Work order — Locate every line in the records below that holds the word "sqrt" and return each one.

(Stored records)
####################

lemma finite_edge_set_colouring:
  assumes "simple_graph G" "0 < m"
    and finite_colourable: "\<And>S. finite S \<Longrightarrow> S \<subseteq> verts G \<Longrightarrow> colourable (induced_subgraph G S) m"
    and "finite P" "\<forall>(x, y)\<in>P. {x, y} \<in> edges G"
  shows "\<exists>g\<in>(\<Pi>\<^sub>E v\<in>verts G. {..<m}). \<forall>(x, y)\<in>P. g x \<noteq> g y"
proof -
  define S where "S = fst ` P \<union> snd ` P"
  have "finite S"
    unfolding S_def using \<open>finite P\<close> by simp
  have "S \<subseteq> verts G"
  proof
    fix v assume "v \<in> S"
    then obtain x y where "(x, y) \<in> P" "v = x \<or> v = y"
      unfolding S_def by force
    then show "v \<in> verts G"
      using assms(5) simple_graph_edgeD[OF assms(1)] by blast
  qed
  then obtain f where f: "f ` S \<subseteq> {..<m}" "\<forall>x\<in>S. \<forall>y\<in>S. {x, y} \<in> edges G \<longrightarrow> f x \<noteq> f y"
    using finite_colourable[OF \<open>finite S\<close> \<open>S \<subseteq> verts G\<close>]
    unfolding colourable_induced_subgraph_iff by blast
  let ?g = "restrict (\<lambda>v. if v \<in> S then f v else 0) (verts G)"
  have "?g \<in> (\<Pi>\<^sub>E v\<in>verts G. {..<m})"
    using f(1) \<open>0 < m\<close> by (auto simp: image_subset_iff)
  moreover have "?g x \<noteq> ?g y" if xy: "(x, y) \<in> P" for x y
  proof -
    have "x \<in> S" "y \<in> S"
      using xy unfolding S_def by force+
    moreover have "{x, y} \<in> edges G"
      using xy assms(5) by blast
    ultimately show ?thesis
      using f(2) \<open>S \<subseteq> verts G\<close> by auto
  qed
  ultimately show ?thesis
    by blast
qed
text \<open>Each value of \<open>V\<close> is charged to its first occurrence \<open>k\<close> and to its last occurrence \<open>l \<ge> k\<close>.\<close>
lemma card_image_mult_le_sum_first_last:
  fixes \<phi> \<psi> :: "'a::linorder \<Rightarrow> real"
  assumes "finite A" and split: "\<And>k l. k \<in> A \<Longrightarrow> l \<in> A \<Longrightarrow> k \<le> l \<Longrightarrow> c \<le> \<phi> k + \<psi> l"
  shows "real (card (V ` A)) * c \<le> (\<Sum>k\<in>first_occurrences V A. \<phi> k) + (\<Sum>k\<in>last_occurrences V A. \<psi> k)"
proof -
  let ?F = "first_occurrences V A" and ?L = "last_occurrences V A"
  have bijF: "bij_betw (the_inv_into ?F V) (V ` A) ?F"
    by (rule bij_betw_the_inv_into[OF bij_betw_first_occurrences[OF assms(1)]])
  have bijL: "bij_betw (the_inv_into ?L V) (V ` A) ?L"
    by (rule bij_betw_the_inv_into[OF bij_betw_last_occurrences[OF assms(1)]])
  have "real (card (V ` A)) * c = (\<Sum>v\<in>V ` A. c)"
    by simp
  also have "\<dots> \<le> (\<Sum>v\<in>V ` A. \<phi> (the_inv_into ?F V v) + \<psi> (the_inv_into ?L V v))"
  proof (rule sum_mono)
    fix v assume v: "v \<in> V ` A"
    define k l where "k = the_inv_into ?F V v" and "l = the_inv_into ?L V v"
    have k: "k \<in> ?F" "V k = v"
      using bijF v f_the_inv_into_f_bij_betw[OF bij_betw_first_occurrences[OF assms(1)] v]
      by (auto simp: k_def bij_betw_def)
    have l: "l \<in> ?L" "V l = v"
      using bijL v f_the_inv_into_f_bij_betw[OF bij_betw_last_occurrences[OF assms(1)] v]
      by (auto simp: l_def bij_betw_def)
    have "k \<le> l"
      using k l by (auto simp: first_occurrences_def last_occurrences_def not_le[symmetric])
    then show "c \<le> \<phi> k + \<psi> l"
      using k l by (intro split) (auto simp: first_occurrences_def last_occurrences_def)
  qed
  also have "\<dots> = (\<Sum>k\<in>?F. \<phi> k) + (\<Sum>k\<in>?L. \<psi> k)"
    by (simp add: sum.distrib sum.reindex_bij_betw[OF bijF] sum.reindex_bij_betw[OF bijL])
  finally show ?thesis .
qed

section \<open>Partial sums of an i.i.d. sequence\<close>

locale iid_sequence = prob_space M for M :: "'a measure" +
  fixes X :: "nat \<Rightarrow> 'a \<Rightarrow> int"
  assumes indep: "indep_vars (\<lambda>_. count_space UNIV) X {1..}"
    and ident: "\<forall>j\<ge>1. distr M (count_space UNIV) (X j) = distr M (count_space UNIV) (X 1)"
begin

lemma random_variable_X: "1 \<le> i \<Longrightarrow> X i \<in> M \<rightarrow>\<^sub>M count_space UNIV"
  using indep unfolding indep_vars_def by auto

lemma events_depends_on:
  "finite K \<Longrightarrow> K \<subseteq> {1..} \<Longrightarrow> depends_on X K P \<Longrightarrow> {\<omega>\<in>space M. P \<omega>} \<in> events"
  by (rule sets_Collect_depends_on) (auto intro!: random_variable_X)

lemma measurable_depends_on_X:
  "finite K \<Longrightarrow> K \<subseteq> {1..} \<Longrightarrow> depends_on X K f \<Longrightarrow> f \<in> M \<rightarrow>\<^sub>M count_space UNIV"
  by (rule measurable_depends_on) (auto intro!: random_variable_X)

abbreviation law :: "int measure" where
  "law \<equiv> distr M (count_space UNIV) (X 1)"

lemma distr_shifted_block:
  assumes "1 \<le> n"
  shows "distr M (PiM {1..n} (\<lambda>_. law)) (\<lambda>\<omega>. \<lambda>j\<in>{1..n}. X (a + j) \<omega>) = PiM {1..n} (\<lambda>_. law)"
proof -
  let ?K = "{a+1..a+n}" and ?I = "{1..n}"
  have "indep_vars (\<lambda>_. count_space UNIV) X ?K"
    by (rule indep_vars_subset[OF indep]) auto
  then have "distr M (PiM ?K (\<lambda>_. count_space UNIV)) (\<lambda>\<omega>. \<lambda>i\<in>?K. X i \<omega>)
      = PiM ?K (\<lambda>i. distr M (count_space UNIV) (X i))"
    by (rule indep_vars_iff_distr_eq_PiM'[THEN iffD1, rotated 2]) (use assms in \<open>auto intro!: random_variable_X\<close>)
  also have "PiM ?K (\<lambda>i. distr M (count_space UNIV) (X i)) = PiM ?K (\<lambda>_. law)"
  proof (rule PiM_cong[OF refl])
    fix i assume "i \<in> ?K"
    then have "1 \<le> i" by simp
    then show "distr M (count_space UNIV) (X i) = law" using ident by blast
  qed
  also have "distr M (PiM ?K (\<lambda>_. count_space UNIV)) (\<lambda>\<omega>. \<lambda>i\<in>?K. X i \<omega>)
      = distr M (PiM ?K (\<lambda>_. law)) (\<lambda>\<omega>. \<lambda>i\<in>?K. X i \<omega>)"
    by (rule distr_cong[OF refl _ refl]) (rule sets_PiM_cong, auto)
  finally have block: "distr M (PiM ?K (\<lambda>_. law)) (\<lambda>\<omega>. \<lambda>i\<in>?K. X i \<omega>) = PiM ?K (\<lambda>_. law)" .
  have reindex: "distr (PiM ?K (\<lambda>_. law)) (PiM ?I (\<lambda>_. law)) (\<lambda>\<omega>. \<lambda>j\<in>?I. \<omega> (a + j)) = PiM ?I (\<lambda>_. law)"
    by (rule distr_PiM_reindex) (auto simp: inj_on_def intro!: prob_space_distr random_variable_X)
  have mK: "(\<lambda>\<omega>. \<lambda>i\<in>?K. X i \<omega>) \<in> M \<rightarrow>\<^sub>M PiM ?K (\<lambda>_. law)"
    by (intro measurable_restrict) (auto intro!: random_variable_X)
  have mI: "(\<lambda>\<omega>. \<lambda>j\<in>?I. \<omega> (a + j)) \<in> PiM ?K (\<lambda>_. law) \<rightarrow>\<^sub>M PiM ?I (\<lambda>_. law)"
    by (intro measurable_restrict measurable_component_singleton) auto
  have "distr M (PiM ?I (\<lambda>_. law)) (\<lambda>\<omega>. \<lambda>j\<in>?I. X (a + j) \<omega>) =
      distr M (PiM ?I (\<lambda>_. law)) ((\<lambda>\<omega>. \<lambda>j\<in>?I. \<omega> (a + j)) \<circ> (\<lambda>\<omega>. \<lambda>i\<in>?K. X i \<omega>))"
    by (intro distr_cong) (auto simp: fun_eq_iff)
  also have "\<dots> = PiM ?I (\<lambda>_. law)"
    by (subst distr_distr[symmetric, OF mI mK]) (simp only: block reindex)
  finally show ?thesis .
qed
theorem lemma4p5:
  "\<exists>C::real. \<forall>(n::nat) (m::nat) (a::nat \<Rightarrow> nat \<Rightarrow> nat \<Rightarrow> real) (T::(nat \<Rightarrow> real) set) (p::real).
     T \<noteq> {} \<and> T \<subseteq> vecs m \<and> p \<ge> 1 \<longrightarrow>
     (\<exists>(N::nat) (U::nat \<Rightarrow> (nat \<Rightarrow> real) set).
        real N \<le> exp (C * p) \<and>
        KB n p = (\<Union>i\<in>{1..N}. U i) \<and>
        (\<forall>i\<in>{1..N}.
           (SUP x\<in>U i. SUP x'\<in>U i. beta n m a T (\<lambda>j. x j - x' j))
             \<le> ennreal (1 / sqrt p) * gauss_exp_sup n m a T \<and>
           ennreal (1 / sqrt p) * gauss_exp_sup n m a T \<le> ennreal (1 / sqrt p) * sA n m a T))"
proof (rule exI[of _ 1041], intro allI impI, goal_cases)
  case (1 n m a T p)
  then have "1 \<le> p"
    by simp
  then obtain N U where "real N \<le> 2 * exp (1040 * p)" and "KB n p = (\<Union>i\<in>{1..N}. U i)"
    and "\<forall>i\<in>{1..N}. (SUP x\<in>U i. SUP x'\<in>U i. beta n m a T (\<lambda>j. x j - x' j))
        \<le> ennreal (1 / sqrt p) * gauss_exp_sup n m a T"
    using KB_cover_beta[of p n m a T] by auto
  moreover have "2 * exp (1040 * p) \<le> exp (1041 * p)"
    using two_exp_le_exp_add[OF \<open>1 \<le> p\<close>, of "1040 * p"] by simp
  moreover have "ennreal (1 / sqrt p) * gauss_exp_sup n m a T \<le> ennreal (1 / sqrt p) * sA n m a T"
    by (intro mult_left_mono gauss_exp_sup_le_sA) simp
  ultimately show ?case
    by (meson order_trans)
qed

end
(* For every $(x_n)\in\ell_1^{*}$ there exists an ideal $I$ on $\mathbb{N}$ with $\mathrm{Fin}\subseteq I$ and $I\neq\mathrm{Fin}$ such that $A_I(x_n)$ is meager and has Lebesgue measure zero.
   Context: $\ell_1^{*}=\{(x_n)\in\ell_1 : x_n\neq 0\text{ for every }n\}$. An ideal on $\mathbb{N}$ is a family $I\subseteq P(\mathbb{N})$ closed under finite unions and subsets with $\mathbb{N}\notin I$; $\mathrm{Fin}$ is the ideal of finite sets. $A_I(x_n)=\{\sum_{n\in A}x_n : A\in I\}$. *)

theory Defs
  imports "HOL-Analysis.Analysis"
begin

definition nowhere_dense :: "real set \<Rightarrow> bool" where
  "nowhere_dense S \<longleftrightarrow> interior (closure S) = {}"

definition meager :: "real set \<Rightarrow> bool" where
  "meager S \<longleftrightarrow> (\<exists>F. countable F \<and> (\<forall>T\<in>F. nowhere_dense T) \<and> S \<subseteq> \<Union>F)"

definition is_ideal :: "nat set set \<Rightarrow> bool" where
  "is_ideal I \<longleftrightarrow> (\<forall>A\<in>I. \<forall>B\<in>I. A \<union> B \<in> I) \<and> (\<forall>A\<in>I. \<forall>B. B \<subseteq> A \<longrightarrow> B \<in> I)
     \<and> UNIV \<notin> I"

definition Fin :: "nat set set" where
  "Fin = {A. finite A}"

definition l1_star :: "(nat \<Rightarrow> real) set" where
  "l1_star = {x. summable (\<lambda>n. \<bar>x n\<bar>) \<and> (\<forall>n. x n \<noteq> 0)}"

definition A_I :: "nat set set \<Rightarrow> (nat \<Rightarrow> real) \<Rightarrow> real set" where
  "A_I I x = {(\<Sum>\<^sub>\<infinity>n\<in>A. x n) | A. A \<in> I}"

end

theory Submission
  imports Defs
begin

text \<open>Choose an infinite set \<open>M = {m 0 < m 1 < \<dots>}\<close> of even numbers so sparse that every
  subsum of \<open>x\<close> over indices \<open>\<ge> m k\<close> is at most \<open>4\<^sup>-\<^sup>k\<close> in absolute value, and let \<open>I\<close> be the
  ideal of sets contained in \<open>M\<close> up to finitely many elements (proper, since \<open>M\<close> misses the odd
  numbers). For every \<open>k\<close>, the subsums of \<open>x\<close> over subsets of \<open>M\<close> lie within \<open>4\<^sup>-\<^sup>k\<close> of the \<open>2\<^sup>k\<close>
  sums over subsets of \<open>{m 0, \<dots>, m (k - 1)}\<close>, so their closure \<open>E\<close> is null, hence nowhere dense.
  Every element of \<open>A_I I x\<close> is a finite subsum plus an element of \<open>E\<close>, so \<open>A_I I x\<close> lies in
  countably many translates of \<open>E\<close>.\<close>

lemma negligible_closure_if_small_covers:
  fixes S :: "real set"
  assumes "\<And>e. e > 0 \<Longrightarrow> \<exists>P r. finite P \<and> 0 \<le> r \<and> real (card P) * (2 * r) \<le> e
             \<and> S \<subseteq> (\<Union>p\<in>P. cball p r)"
  shows "negligible (closure S)"
proof (subst negligible_outer_le, intro allI impI)
  fix e :: real
  assume "e > 0"
  then obtain P r where P: "finite P" "0 \<le> r" "real (card P) * (2 * r) \<le> e"
    and S: "S \<subseteq> (\<Union>p\<in>P. cball p r)"
    using assms by blast
  define T where "T = (\<Union>p\<in>P. cball p r)"
  have "closure S \<subseteq> T"
    using S \<open>finite P\<close> unfolding T_def by (intro closure_minimal closed_UN) auto
  moreover have "T \<in> lmeasurable"
    unfolding T_def using \<open>finite P\<close> by (intro fmeasurable.finite_UN) auto
  moreover have "measure lebesgue T \<le> e"
  proof -
    have "measure lebesgue T \<le> (\<Sum>p\<in>P. measure lebesgue (cball p r))"
      unfolding T_def using \<open>finite P\<close> by (intro measure_UNION_le) auto
    also have "\<dots> = real (card P) * (2 * r)"
      using \<open>0 \<le> r\<close> by (simp add: cball_eq_atLeastAtMost)
    finally show ?thesis
      using P(3) by linarith
  qed
  ultimately show "\<exists>T. closure S \<subseteq> T \<and> T \<in> lmeasurable \<and> measure lebesgue T \<le> e"
    by blast
qed

lemma nowhere_dense_if_negligible_closure:
  assumes "negligible (closure S)"
  shows "nowhere_dense S"
proof -
  have "negligible (interior (closure S))"
    using assms interior_subset by (rule negligible_subset)
  then show ?thesis
    unfolding nowhere_dense_def using open_not_negligible open_interior by blast
qed

lemma meager_negligible_if_countable_cover:
  assumes "countable F" "\<And>T. T \<in> F \<Longrightarrow> negligible (closure T)" "S \<subseteq> \<Union>F"
  shows "meager S" "negligible S"
proof -
  show "meager S"
    unfolding meager_def using assms nowhere_dense_if_negligible_closure by blast
  have "negligible (\<Union>(closure ` F))"
    using assms(1,2) by (intro negligible_countable_Union) auto
  moreover have "S \<subseteq> \<Union>(closure ` F)"
    using assms(3) closure_subset by blast
  ultimately show "negligible S"
    by (rule negligible_subset)
qed

lemma abs_summable_imp_summable_on:
  fixes x :: "nat \<Rightarrow> real"
  assumes "summable (\<lambda>n. \<bar>x n\<bar>)"
  shows "x summable_on A"
  using norm_summable_imp_summable_on[of x] assms
  by (auto intro: summable_on_subset_banach)

lemma abs_infsum_le_suminf_tail:
  fixes x :: "nat \<Rightarrow> real"
  assumes "summable (\<lambda>n. \<bar>x n\<bar>)" "A \<subseteq> {N..}"
  shows "\<bar>infsum x A\<bar> \<le> (\<Sum>i. \<bar>x (i + N)\<bar>)"
proof -
  have summable: "(\<lambda>n. \<bar>x n\<bar>) summable_on A"
    using assms(1) by (intro abs_summable_imp_summable_on) simp
  have "\<bar>infsum x A\<bar> \<le> (\<Sum>\<^sub>\<infinity>n\<in>A. \<bar>x n\<bar>)"
    using norm_infsum_bound[of x A] summable by simp
  also have "\<dots> \<le> (\<Sum>i. \<bar>x (i + N)\<bar>)"
  proof (rule infsum_le_finite_sums[OF summable])
    fix F
    assume F: "finite F" "F \<subseteq> A"
    have "F \<subseteq> {N..}"
      using F(2) assms(2) by blast
    then have "(\<Sum>n\<in>F. \<bar>x n\<bar>) = (\<Sum>i\<in>(\<lambda>n. n - N) ` F. \<bar>x (i + N)\<bar>)"
      by (subst sum.reindex[OF inj_on_diff_nat]) (auto simp: subset_eq intro!: sum.cong)
    also have "\<dots> \<le> (\<Sum>i. \<bar>x (i + N)\<bar>)"
      using F(1) summable_ignore_initial_segment[OF assms(1)] by (intro sum_le_suminf) auto
    finally show "(\<Sum>n\<in>F. \<bar>x n\<bar>) \<le> (\<Sum>i. \<bar>x (i + N)\<bar>)" .
  qed
  finally show ?thesis .
qed

lemma small_infsum_beyond:
  fixes x :: "nat \<Rightarrow> real"
  assumes "summable (\<lambda>n. \<bar>x n\<bar>)" "r > 0"
  shows "\<exists>N. \<forall>A \<subseteq> {N..}. \<bar>infsum x A\<bar> \<le> r"
proof -
  obtain N where "norm (\<Sum>i. \<bar>x (i + N)\<bar>) < r"
    using suminf_exist_split[OF assms(2,1)] by blast
  then have tail: "(\<Sum>i. \<bar>x (i + N)\<bar>) \<le> r"
    by simp
  show ?thesis
  proof (intro exI allI impI)
    fix A
    assume "A \<subseteq> {N..}"
    then show "\<bar>infsum x A\<bar> \<le> r"
      using abs_infsum_le_suminf_tail[OF assms(1)] tail by (meson order_trans)
  qed
qed

lemma infsum_split_cofinite:
  fixes x :: "nat \<Rightarrow> real"
  assumes "summable (\<lambda>n. \<bar>x n\<bar>)" "finite (A - M)"
  shows "infsum x A = sum x (A - M) + infsum x (A \<inter> M)"
proof -
  have "infsum x ((A - M) \<union> (A \<inter> M)) = infsum x (A - M) + infsum x (A \<inter> M)"
    using assms(1) by (intro infsum_Un_disjoint abs_summable_imp_summable_on) auto
  then have "infsum x A = infsum x (A - M) + infsum x (A \<inter> M)"
    by (simp add: Un_Diff_Int)
  then show ?thesis
    using assms(2) by simp
qed

lemma strict_mono_even_majorant:
  fixes N :: "nat \<Rightarrow> nat"
  obtains m where "strict_mono m" "\<And>k. N k \<le> m k" "\<And>k. even (m k)"
proof
  let ?m = "\<lambda>k. 2 * (\<Sum>i\<le>k. Suc (N i))"
  show "strict_mono ?m"
    by (simp add: strict_mono_Suc_iff)
  show "N k \<le> ?m k" for k
    using member_le_sum[of k "{..k}" "\<lambda>i. Suc (N i)"] by simp
  show "even (?m k)" for k
    by simp
qed

lemma subsums_finite_cover:
  fixes x :: "nat \<Rightarrow> real" and m :: "nat \<Rightarrow> nat"
  assumes "summable (\<lambda>n. \<bar>x n\<bar>)" "strict_mono m"
    and tail: "\<And>A. A \<subseteq> {m k..} \<Longrightarrow> \<bar>infsum x A\<bar> \<le> r"
  obtains P where "finite P" "card P \<le> 2 ^ k"
    "{infsum x B | B. B \<subseteq> range m} \<subseteq> (\<Union>p\<in>P. cball p r)"
proof -
  define K where "K = m ` {..<k}"
  define P where "P = sum x ` Pow K"
  have "finite K" "card K \<le> k"
    unfolding K_def using card_image_le[of "{..<k}" m] by auto
  then have "finite P"
    unfolding P_def by simp
  have "card P \<le> card (Pow K)"
    unfolding P_def using \<open>finite K\<close> by (intro card_image_le) simp
  also have "\<dots> \<le> 2 ^ k"
    using \<open>finite K\<close> \<open>card K \<le> k\<close> by (simp add: card_Pow power_increasing)
  finally have "card P \<le> 2 ^ k" .
  moreover have "{infsum x B | B. B \<subseteq> range m} \<subseteq> (\<Union>p\<in>P. cball p r)"
  proof clarify
    fix B
    assume B: "B \<subseteq> range m"
    have "B - K \<subseteq> {m k..}"
    proof
      fix i
      assume "i \<in> B - K"
      then obtain j where "i = m j" "\<not> j < k"
        using B unfolding K_def by auto
      then show "i \<in> {m k..}"
        using strict_mono_less_eq[OF assms(2)] by simp
    qed
    then have "infsum x B \<in> cball (sum x (B \<inter> K)) r"
      using tail infsum_split_cofinite[OF assms(1), of B "- K"] \<open>finite K\<close>
      by (simp add: Diff_eq Int_commute dist_real_def)
    moreover have "sum x (B \<inter> K) \<in> P"
      unfolding P_def by blast
    ultimately show "infsum x B \<in> (\<Union>p\<in>P. cball p r)"
      by blast
  qed
  ultimately show thesis
    by (intro that[OF \<open>finite P\<close>])
qed

lemma negligible_closure_subsums:
  fixes x :: "nat \<Rightarrow> real" and m :: "nat \<Rightarrow> nat"
  assumes "summable (\<lambda>n. \<bar>x n\<bar>)" "strict_mono m"
    and tail: "\<And>k A. A \<subseteq> {m k..} \<Longrightarrow> \<bar>infsum x A\<bar> \<le> (1/4) ^ k"
  shows "negligible (closure {infsum x B | B. B \<subseteq> range m})"
proof (rule negligible_closure_if_small_covers)
  fix e :: real
  assume "e > 0"
  then obtain k where k: "(1/2 :: real) ^ k < e / 2"
    using real_arch_pow_inv[of "e / 2" "1/2"] by auto
  obtain P where P: "finite P" "card P \<le> 2 ^ k"
    "{infsum x B | B. B \<subseteq> range m} \<subseteq> (\<Union>p\<in>P. cball p ((1/4) ^ k))"
    by (rule subsums_finite_cover[OF assms(1,2) tail])
  have "real (card P) \<le> 2 ^ k"
    using P(2) by (metis of_nat_le_iff of_nat_numeral of_nat_power)
  then have "real (card P) * (2 * (1/4) ^ k) \<le> 2 ^ k * (2 * (1/4) ^ k)"
    by (rule mult_right_mono) simp
  also have "\<dots> = 2 * (1/2 :: real) ^ k"
    by (simp add: power_divide field_simps flip: power_mult_distrib)
  finally have "real (card P) * (2 * (1/4) ^ k) \<le> e"
    using k by linarith
  with P show "\<exists>P r. finite P \<and> 0 \<le> r \<and> real (card P) * (2 * r) \<le> e
      \<and> {infsum x B | B. B \<subseteq> range m} \<subseteq> (\<Union>p\<in>P. cball p r)"
    by (intro exI[of _ P] exI[of _ "(1/4) ^ k"]) auto
qed

lemma is_ideal_finite_modulo:
  "infinite (- M) \<Longrightarrow> is_ideal {A. finite (A - M)}"
  unfolding is_ideal_def by (auto simp: Un_Diff Compl_eq_Diff_UNIV intro: finite_subset[OF Diff_mono])

lemma Fin_subset_finite_modulo: "Fin \<subseteq> {A. finite (A - M)}"
  unfolding Fin_def by (simp add: Collect_mono)

lemma finite_modulo_neq_Fin:
  assumes "infinite M"
  shows "{A. finite (A - M)} \<noteq> Fin"
proof -
  have "M \<in> {A. finite (A - M)}" "M \<notin> Fin"
    using assms by (simp_all add: Fin_def)
  then show ?thesis
    by blast
qed

lemma A_I_finite_modulo_subset:
  fixes x :: "nat \<Rightarrow> real"
  assumes "summable (\<lambda>n. \<bar>x n\<bar>)"
  shows "A_I {A. finite (A - M)} x
           \<subseteq> (\<Union>G\<in>{G. finite G}. (+) (sum x G) ` {infsum x B | B. B \<subseteq> M})"
proof
  fix y
  assume "y \<in> A_I {A. finite (A - M)} x"
  then obtain A where A: "finite (A - M)" "y = infsum x A"
    unfolding A_I_def by auto
  then have "y = sum x (A - M) + infsum x (A \<inter> M)"
    using infsum_split_cofinite[OF assms] by simp
  with A(1) show "y \<in> (\<Union>G\<in>{G. finite G}. (+) (sum x G) ` {infsum x B | B. B \<subseteq> M})"
    by blast
qed

lemma sparse_set_with_negligible_subsums:
  fixes x :: "nat \<Rightarrow> real"
  assumes "summable (\<lambda>n. \<bar>x n\<bar>)"
  obtains M where "infinite M" "infinite (- M)" "negligible (closure {infsum x B | B. B \<subseteq> M})"
proof -
  have "\<forall>k. \<exists>n. \<forall>A \<subseteq> {n..}. \<bar>infsum x A\<bar> \<le> (1/4 :: real) ^ k"
    using small_infsum_beyond[OF assms] by simp
  then obtain N where N: "\<forall>k. \<forall>A \<subseteq> {N k..}. \<bar>infsum x A\<bar> \<le> (1/4 :: real) ^ k"
    by metis
  obtain m where m: "strict_mono m" "\<And>k. N k \<le> m k" "\<And>k. even (m k)"
    using strict_mono_even_majorant[of N] by blast
  have "negligible (closure {infsum x B | B. B \<subseteq> range m})"
    using assms m(1)
  proof (rule negligible_closure_subsums)
    show "\<bar>infsum x A\<bar> \<le> (1/4) ^ k" if "A \<subseteq> {m k..}" for k A
      using N that m(2)[of k] by (meson atLeast_subset_iff order_trans)
  qed
  moreover have "infinite (range m)"
    using m(1) by (simp add: range_inj_infinite strict_mono_imp_inj_on)
  moreover have "infinite (- range m)"
  proof -
    have "range (\<lambda>n. 2 * n + 1) \<subseteq> - range m"
      using m(3) by (auto, metis dvd_triv_left even_Suc)
    then show ?thesis
      using range_inj_infinite[of "\<lambda>n :: nat. 2 * n + 1"] infinite_super by (auto simp: inj_def)
  qed
  ultimately show thesis
    using that by blast
qed

theorem mainTheorem11:
  fixes x :: "nat \<Rightarrow> real"
  assumes "x \<in> l1_star"
  shows "\<exists>I. is_ideal I \<and> Fin \<subseteq> I \<and> I \<noteq> Fin \<and> meager (A_I I x) \<and> A_I I x \<in> null_sets lebesgue"
proof -
  have sx: "summable (\<lambda>n. \<bar>x n\<bar>)"
    using assms unfolding l1_star_def by blast
  obtain M where M: "infinite M" "infinite (- M)" "negligible (closure {infsum x B | B. B \<subseteq> M})"
    using sparse_set_with_negligible_subsums[OF sx] by blast
  define F where "F = (\<lambda>G. (+) (sum x G) ` {infsum x B | B. B \<subseteq> M}) ` {G. finite G}"
  define I where "I = {A. finite (A - M)}"
  have "countable F"
    unfolding F_def by (intro countable_image countable_Collect_finite)
  moreover have "A_I I x \<subseteq> \<Union>F"
    using A_I_finite_modulo_subset[OF sx, of M] unfolding F_def I_def by simp
  moreover have null_closures: "negligible (closure T)" if "T \<in> F" for T
    using that M(3) unfolding F_def by (auto simp: closure_translation intro: negligible_translation)
  ultimately have "meager (A_I I x)" "negligible (A_I I x)"
    using meager_negligible_if_countable_cover by blast+
  moreover have "is_ideal I" "Fin \<subseteq> I" "I \<noteq> Fin"
    unfolding I_def using M(1,2)
    by (simp_all add: is_ideal_finite_modulo Fin_subset_finite_modulo finite_modulo_neq_Fin)
  ultimately show ?thesis
    by (auto simp: negligible_iff_null_sets)
qed

end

####################

Task response —
             \<le> ennreal (1 / sqrt p) * gauss_exp_sup n m a T \<and>
           ennreal (1 / sqrt p) * gauss_exp_sup n m a T \<le> ennreal (1 / sqrt p) * sA n m a T))"
        \<le> ennreal (1 / sqrt p) * gauss_exp_sup n m a T"
  moreover have "ennreal (1 / sqrt p) * gauss_exp_sup n m a T \<le> ennreal (1 / sqrt p) * sA n m a T"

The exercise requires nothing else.